Year Of The Bull Became Year Of the Bull’s Eye

We’ve long since said good bye to those Horatio Alger and “Little Engine That Could” references to USF football. Was it barely a month ago that the Bulls were undefeated, ranked second in the BCS and the talk of this and many other towns?

What happened? Were they, as some skeptical pundits had been smugly predicting, finally “exposed” for the gate-crashing pretenders they were?

Not really.

A couple of points.

In the parity round-robin that is today’s college football rankings, USF is as good – and as vulnerable – as most of the brand name schools: the South Carolinas, Alabamas and Penn States. It is arguably better than the Georgia Techs, Miamis and North Carolina States. It is much better than the Nebraskas, Minnesotas and Notre Dames. And it has beaten the West Virginias, Auburns and North Carolinas.

The Bulls are a major player, and that won’t change. They are here to stay. And the top deck at Raymond James Stadium will be in play more often than not for USF games from here on out.

As the new grid kid on the block, they surprised most outsiders with their early results and talent level – and their seemingly instant inclusion among college football’s elite. But sheer ability wasn’t enough, as it turned out, to trump growing pains. The kind that lose you games you should win.

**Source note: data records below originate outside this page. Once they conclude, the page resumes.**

lemma sum_cube_bounds:
  assumes "S \<in> assortments N K" "v \<in> cube N"
  shows "0 \<le> (\<Sum>j\<in>S. v j)" "(\<Sum>j\<in>S. v j) \<le> real K"
proof -
  have v: "\<forall>j\<in>S. 0 \<le> v j \<and> v j \<le> 1" using assortmentsD(1)[OF assms(1)] assms(2) by (auto simp: cube_def)
  thus "0 \<le> (\<Sum>j\<in>S. v j)" by (auto intro: sum_nonneg)
  have "(\<Sum>j\<in>S. v j) \<le> real (card S)" using v sum_mono[of S v "\<lambda>_. 1"] by simp
  thus "(\<Sum>j\<in>S. v j) \<le> real K" using assortmentsD(3)[OF assms(1)] by linarith
qed

lemma mnl_R_lipschitz:
  assumes "finite S" "\<forall>i\<in>S. 0 \<le> v i \<and> 0 \<le> v' i \<and> 0 \<le> r i \<and> r i \<le> 1"
  shows "mnl_R S v' r - mnl_R S v r \<le> (\<Sum>i\<in>S. \<bar>v' i - v i\<bar>)"
proof -
  define B where "B = (\<Sum>i\<in>S. v i)"
  define B' where "B' = (\<Sum>i\<in>S. v' i)"
  define A where "A = (\<Sum>i\<in>S. r i * v i)"
  define A' where "A' = (\<Sum>i\<in>S. r i * v' i)"
  define R where "R = A / (1 + B)"
  define X where "X = A' - A - R * (B' - B)"
  have B0: "B \<ge> 0" "B' \<ge> 0" unfolding B_def B'_def using assms by (auto intro: sum_nonneg)
  have "0 \<le> A" "A \<le> B" unfolding A_def B_def using assms
    by (auto intro!: sum_nonneg sum_mono simp: mult_left_le_one_le)
  hence R01: "0 \<le> R" "R \<le> 1" unfolding R_def using B0 by auto
  have "mnl_R S v' r - mnl_R S v r = A' / (1 + B') - R"
    unfolding mnl_R_def A_def A'_def B_def B'_def R_def ..
  also have "\<dots> = X / (1 + B')"
    unfolding X_def R_def using B0 by (simp add: field_simps)
  finally have eq: "mnl_R S v' r - mnl_R S v r = X / (1 + B')" .
  text \<open>Centring the prices at the current revenue \<open>R\<close> makes every coefficient at most 1.\<close>
  have "X = (\<Sum>i\<in>S. (r i - R) * (v' i - v i))"
    unfolding X_def A_def A'_def B_def B'_def
    by (simp add: sum_subtractf[symmetric] sum_distrib_left algebra_simps)
  also have "\<dots> \<le> (\<Sum>i\<in>S. \<bar>v' i - v i\<bar>)"
  proof (rule sum_mono)
    fix i assume "i \<in> S"
    hence "\<bar>r i - R\<bar> \<le> 1" using assms R01 by auto
    hence "\<bar>r i - R\<bar> * \<bar>v' i - v i\<bar> \<le> \<bar>v' i - v i\<bar>" by (simp add: mult_left_le_one_le)
    thus "(r i - R) * (v' i - v i) \<le> \<bar>v' i - v i\<bar>" by (metis abs_ge_self abs_mult order_trans)
  qed
  finally have "max 0 X \<le> (\<Sum>i\<in>S. \<bar>v' i - v i\<bar>)" by (simp add: sum_nonneg)
  moreover have "X / (1 + B') \<le> max 0 X" using B0 by (cases "X \<le> 0") (auto simp: divide_le_eq divide_nonpos_pos)
  ultimately show ?thesis unfolding eq by linarith
qed

lemma mnl_R_eq_sum_mnl_mu:
  assumes "0 \<notin> S"
  shows "mnl_R S v r = (\<Sum>i\<in>S. r i * mnl_mu S v i)"
proof -
  have "(\<Sum>i\<in>S. r i * mnl_mu S v i) = (\<Sum>i\<in>S. r i * v i / (1 + (\<Sum>j\<in>S. v j)))"
    unfolding mnl_mu_def using assms by (intro sum.cong) auto
  thus ?thesis unfolding mnl_R_def by (simp add: sum_divide_distrib)
qed

lemma mnl_R_diff_le_mu_dist2:
  assumes "S \<in> assortments N K" "r \<in> cube N" "c > 0"
  shows "mnl_R S v r - mnl_R S v' r \<le> c * mu_dist2 N S v v' + real K / (4 * c)"
proof -
  note S = assortmentsD[OF assms(1)]
  define D where "D i = mnl_mu S v i - mnl_mu S v' i" for i
  have "mnl_R S v r - mnl_R S v' r = (\<Sum>i\<in>S. r i * D i)"
    unfolding mnl_R_eq_sum_mnl_mu[OF S(4)] D_def by (simp add: sum_subtractf[symmetric] algebra_simps)
  also have "\<dots> \<le> (\<Sum>i\<in>S. c * (D i)^2 + 1 / (4 * c))"
  proof (rule sum_mono)
    fix i assume "i \<in> S"
    hence r: "0 \<le> r i" "r i \<le> 1" using S(1) assms(2) by (auto simp: cube_def)
    have "r i * D i \<le> \<bar>D i\<bar>"
      using r by (metis abs_ge_self abs_mult abs_of_nonneg mult_left_le_one_le abs_ge_zero order_trans)
    also have "\<dots> \<le> c * (D i)^2 + 1 / (4 * c)" using abs_le_mult_square_add[OF assms(3)] by simp
    finally show "r i * D i \<le> c * (D i)^2 + 1 / (4 * c)" .
  qed
  also have "\<dots> = c * (\<Sum>i\<in>S. (D i)^2) + real (card S) / (4 * c)"
    by (simp add: sum.distrib sum_distrib_left)
  also have "\<dots> \<le> c * mu_dist2 N S v v' + real K / (4 * c)"
  proof (intro add_mono mult_left_mono divide_right_mono)
    show "(\<Sum>i\<in>S. (D i)^2) \<le> mu_dist2 N S v v'"
      unfolding mu_dist2_def D_def by (rule sum_mono2) (use S in auto)
  qed (use S assms in auto)
  finally show ?thesis .
qed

USF’s problem has been composure. Make that lack of. When the Bulls were not expected to win, they played with abandon – and won. Think: Pittsburgh, Louisville and West Virginia in the past few years. They were having fun – an underdog’s exemption from stress and nerves. Overtime at Auburn, at night, in front of 85,000 heavily imbibed Tiger faithful – what pressure?

But with the Bull’s eye of national recognition, USF has been playing not to lose. Not to lose the game, not to lose that exalted ranking. Not to lose to underdogs.

And it’s a top-down issue. Questionable play-calling, clock management and sideline deportment were signs of a team wound too tight. There was an increase in dropped-passes, missed assignments and poor decision-making. Penalties attributed to lack of discipline and concentration rose. A few key injuries hardly helped.

In unprecedented fashion, USF had fast-forwarded from a nobody to a major college force. But what they haven’t done yet is make the transition from the hunter to the hunted. That’s the part that does take seasoning.

And may this be the final season for that. Because after this year, the grace period accorded a quintessential upstart ends. Lack of composure will be unkindly labeled “choking.”

It comes with the territory – talent, success and the expectation of more success.